TASK TO CARRY OUT: Print every record below exactly as written.

━━━━━━━━

text \<open>Stated consequence of combinatorial indecomposability: each lift of \<sigma>1 determines a unique
  lift of an adjacent \<sigma>2 meeting it in codimension one (adjl realises this on indices).\<close>
definition unique_adjacent_lifts :: "(real^'n::finite) set set \<Rightarrow> ('p, 'n, 'r) tlms \<Rightarrow> bool" where
  "unique_adjacent_lifts \<Sigma> L \<longleftrightarrow> (\<forall>\<sigma>1 \<sigma>2. adjacent \<Sigma> \<sigma>1 \<sigma>2 \<longrightarrow> (\<forall>\<alpha>.
      adjL \<Sigma> L (lift L \<sigma>1 \<alpha>) (lift L \<sigma>2 (adjl L \<sigma>1 \<sigma>2 \<alpha>)) \<and>
      adjl L \<sigma>2 \<sigma>1 (adjl L \<sigma>1 \<sigma>2 \<alpha>) = \<alpha> \<and>
      (\<forall>B\<in>maxcones L. proj L ` B = \<sigma>2 \<and> adjL \<Sigma> L (lift L \<sigma>1 \<alpha>) B
           \<longrightarrow> B = lift L \<sigma>2 (adjl L \<sigma>1 \<sigma>2 \<alpha>))))"

definition loc_sys :: "(real^'n::finite) set set \<Rightarrow> ('p, 'n, 'r) tlms \<Rightarrow> ('p set \<Rightarrow> 'p set \<Rightarrow> complex) \<Rightarrow> bool" where
  "loc_sys \<Sigma> L g \<longleftrightarrow> (\<forall>A B. adjL \<Sigma> L A B \<longrightarrow> g A B \<noteq> 0 \<and> g B A = inverse (g A B))"

definition iso_loc_sys :: "(real^'n::finite) set set \<Rightarrow> ('p, 'n, 'r) tlms \<Rightarrow>
    ('p set \<Rightarrow> 'p set \<Rightarrow> complex) \<Rightarrow> ('p set \<Rightarrow> 'p set \<Rightarrow> complex) \<Rightarrow> bool" where
  "iso_loc_sys \<Sigma> L g g' \<longleftrightarrow> (\<exists>h. (\<forall>A\<in>maxcones L. h A \<noteq> 0) \<and>
      (\<forall>A B. adjL \<Sigma> L A B \<longrightarrow> g' A B = h B * g A B / h A))"
(* Let $A\in\mathbb{R}^{m\times n}$ and let $\mathcal{D}$ be a distribution over matrices $S\in\mathbb{R}^{m\times\tau}$. Let $X_0\in\mathbb{R}^{n\times m}$ with $\mathrm{Range}(X_0)\subset\mathrm{Range}(A^\top A)$, and define iterates $$X_{k+1} = X_k - A^\top A S_k\,(S_k^\top A^\top A A^\top A S_k)^\dagger S_k^\top A^\top (A X_k - I),\qquad k\ge 0,$$ where $S_0,S_1,\dots$ are drawn independently from $\mathcal{D}$. Let $H_S \eqdef S(S^\top A^\top A A^\top A S)^\dagger S^\top$ for $S\sim\mathcal{D}$. Then $$\mathbb{E}[X_{k+1}-A^\dagger] = \mathbb{E}[I - A^\top A H_S A^\top A]\;\mathbb{E}[X_k - A^\dagger].$$ Furthermore, if $\mathbb{E}[H_S]$ is finite and positive definite, then $$\mathbb{E}\big[\|X_k - A^\dagger\|^2\big]\le \rho^k\,\|X_0-A^\dagger\|^2,\qquad \rho = 1-\lambda_{\min}^+\big(A^\top A\,\mathbb{E}[H_S]\,A^\top A\big).$$
   Context: $M^\dagger$ denotes the Moore–Penrose pseudoinverse of a real matrix $M$; $\|\cdot\|$ is the Frobenius norm; $\mathrm{Range}(M)$ is the column space of $M$. For a symmetric positive semidefinite matrix $G$, $\lambda_{\min}^+(G)$ denotes its smallest nonzero eigenvalue. *)

theory Defs
  imports "HOL-Probability.Probability"
begin

definition pinv :: "real^'b^'a \<Rightarrow> real^'a^'b" where
  "pinv M = (THE X. M ** X ** M = M \<and> X ** M ** X = X \<and>
                    transpose (M ** X) = M ** X \<and> transpose (X ** M) = X ** M)"

definition col_range :: "real^'b^'a \<Rightarrow> (real^'a) set" where
  "col_range M = range (\<lambda>x. M *v x)"

definition sketch_H :: "real^'n^'m \<Rightarrow> real^'t^'n \<Rightarrow> real^'n^'n" where
  "sketch_H A S = S ** pinv (transpose S ** transpose A ** A ** transpose A ** A ** S) ** transpose S"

━━━━━━━━

SOLUTION BELOW:
text \<open>Stated consequence of combinatorial indecomposability: each lift of \<sigma>1 determines a unique
  lift of an adjacent \<sigma>2 meeting it in codimension one (adjl realises this on indices).\<close>
definition unique_adjacent_lifts :: "(real^'n::finite) set set \<Rightarrow> ('p, 'n, 'r) tlms \<Rightarrow> bool" where
  "unique_adjacent_lifts \<Sigma> L \<longleftrightarrow> (\<forall>\<sigma>1 \<sigma>2. adjacent \<Sigma> \<sigma>1 \<sigma>2 \<longrightarrow> (\<forall>\<alpha>.
      adjL \<Sigma> L (lift L \<sigma>1 \<alpha>) (lift L \<sigma>2 (adjl L \<sigma>1 \<sigma>2 \<alpha>)) \<and>
      adjl L \<sigma>2 \<sigma>1 (adjl L \<sigma>1 \<sigma>2 \<alpha>) = \<alpha> \<and>
      (\<forall>B\<in>maxcones L. proj L ` B = \<sigma>2 \<and> adjL \<Sigma> L (lift L \<sigma>1 \<alpha>) B
           \<longrightarrow> B = lift L \<sigma>2 (adjl L \<sigma>1 \<sigma>2 \<alpha>))))"

definition loc_sys :: "(real^'n::finite) set set \<Rightarrow> ('p, 'n, 'r) tlms \<Rightarrow> ('p set \<Rightarrow> 'p set \<Rightarrow> complex) \<Rightarrow> bool" where
  "loc_sys \<Sigma> L g \<longleftrightarrow> (\<forall>A B. adjL \<Sigma> L A B \<longrightarrow> g A B \<noteq> 0 \<and> g B A = inverse (g A B))"

definition iso_loc_sys :: "(real^'n::finite) set set \<Rightarrow> ('p, 'n, 'r) tlms \<Rightarrow>
    ('p set \<Rightarrow> 'p set \<Rightarrow> complex) \<Rightarrow> ('p set \<Rightarrow> 'p set \<Rightarrow> complex) \<Rightarrow> bool" where
  "iso_loc_sys \<Sigma> L g g' \<longleftrightarrow> (\<exists>h. (\<forall>A\<in>maxcones L. h A \<noteq> 0) \<and>
      (\<forall>A B. adjL \<Sigma> L A B \<longrightarrow> g' A B = h B * g A B / h A))"
(* Let $A\in\mathbb{R}^{m\times n}$ and let $\mathcal{D}$ be a distribution over matrices $S\in\mathbb{R}^{m\times\tau}$. Let $X_0\in\mathbb{R}^{n\times m}$ with $\mathrm{Range}(X_0)\subset\mathrm{Range}(A^\top A)$, and define iterates $$X_{k+1} = X_k - A^\top A S_k\,(S_k^\top A^\top A A^\top A S_k)^\dagger S_k^\top A^\top (A X_k - I),\qquad k\ge 0,$$ where $S_0,S_1,\dots$ are drawn independently from $\mathcal{D}$. Let $H_S \eqdef S(S^\top A^\top A A^\top A S)^\dagger S^\top$ for $S\sim\mathcal{D}$. Then $$\mathbb{E}[X_{k+1}-A^\dagger] = \mathbb{E}[I - A^\top A H_S A^\top A]\;\mathbb{E}[X_k - A^\dagger].$$ Furthermore, if $\mathbb{E}[H_S]$ is finite and positive definite, then $$\mathbb{E}\big[\|X_k - A^\dagger\|^2\big]\le \rho^k\,\|X_0-A^\dagger\|^2,\qquad \rho = 1-\lambda_{\min}^+\big(A^\top A\,\mathbb{E}[H_S]\,A^\top A\big).$$
   Context: $M^\dagger$ denotes the Moore–Penrose pseudoinverse of a real matrix $M$; $\|\cdot\|$ is the Frobenius norm; $\mathrm{Range}(M)$ is the column space of $M$. For a symmetric positive semidefinite matrix $G$, $\lambda_{\min}^+(G)$ denotes its smallest nonzero eigenvalue. *)

theory Defs
  imports "HOL-Probability.Probability"
begin

definition pinv :: "real^'b^'a \<Rightarrow> real^'a^'b" where
  "pinv M = (THE X. M ** X ** M = M \<and> X ** M ** X = X \<and>
                    transpose (M ** X) = M ** X \<and> transpose (X ** M) = X ** M)"

definition col_range :: "real^'b^'a \<Rightarrow> (real^'a) set" where
  "col_range M = range (\<lambda>x. M *v x)"

definition sketch_H :: "real^'n^'m \<Rightarrow> real^'t^'n \<Rightarrow> real^'n^'n" where
  "sketch_H A S = S ** pinv (transpose S ** transpose A ** A ** transpose A ** A ** S) ** transpose S"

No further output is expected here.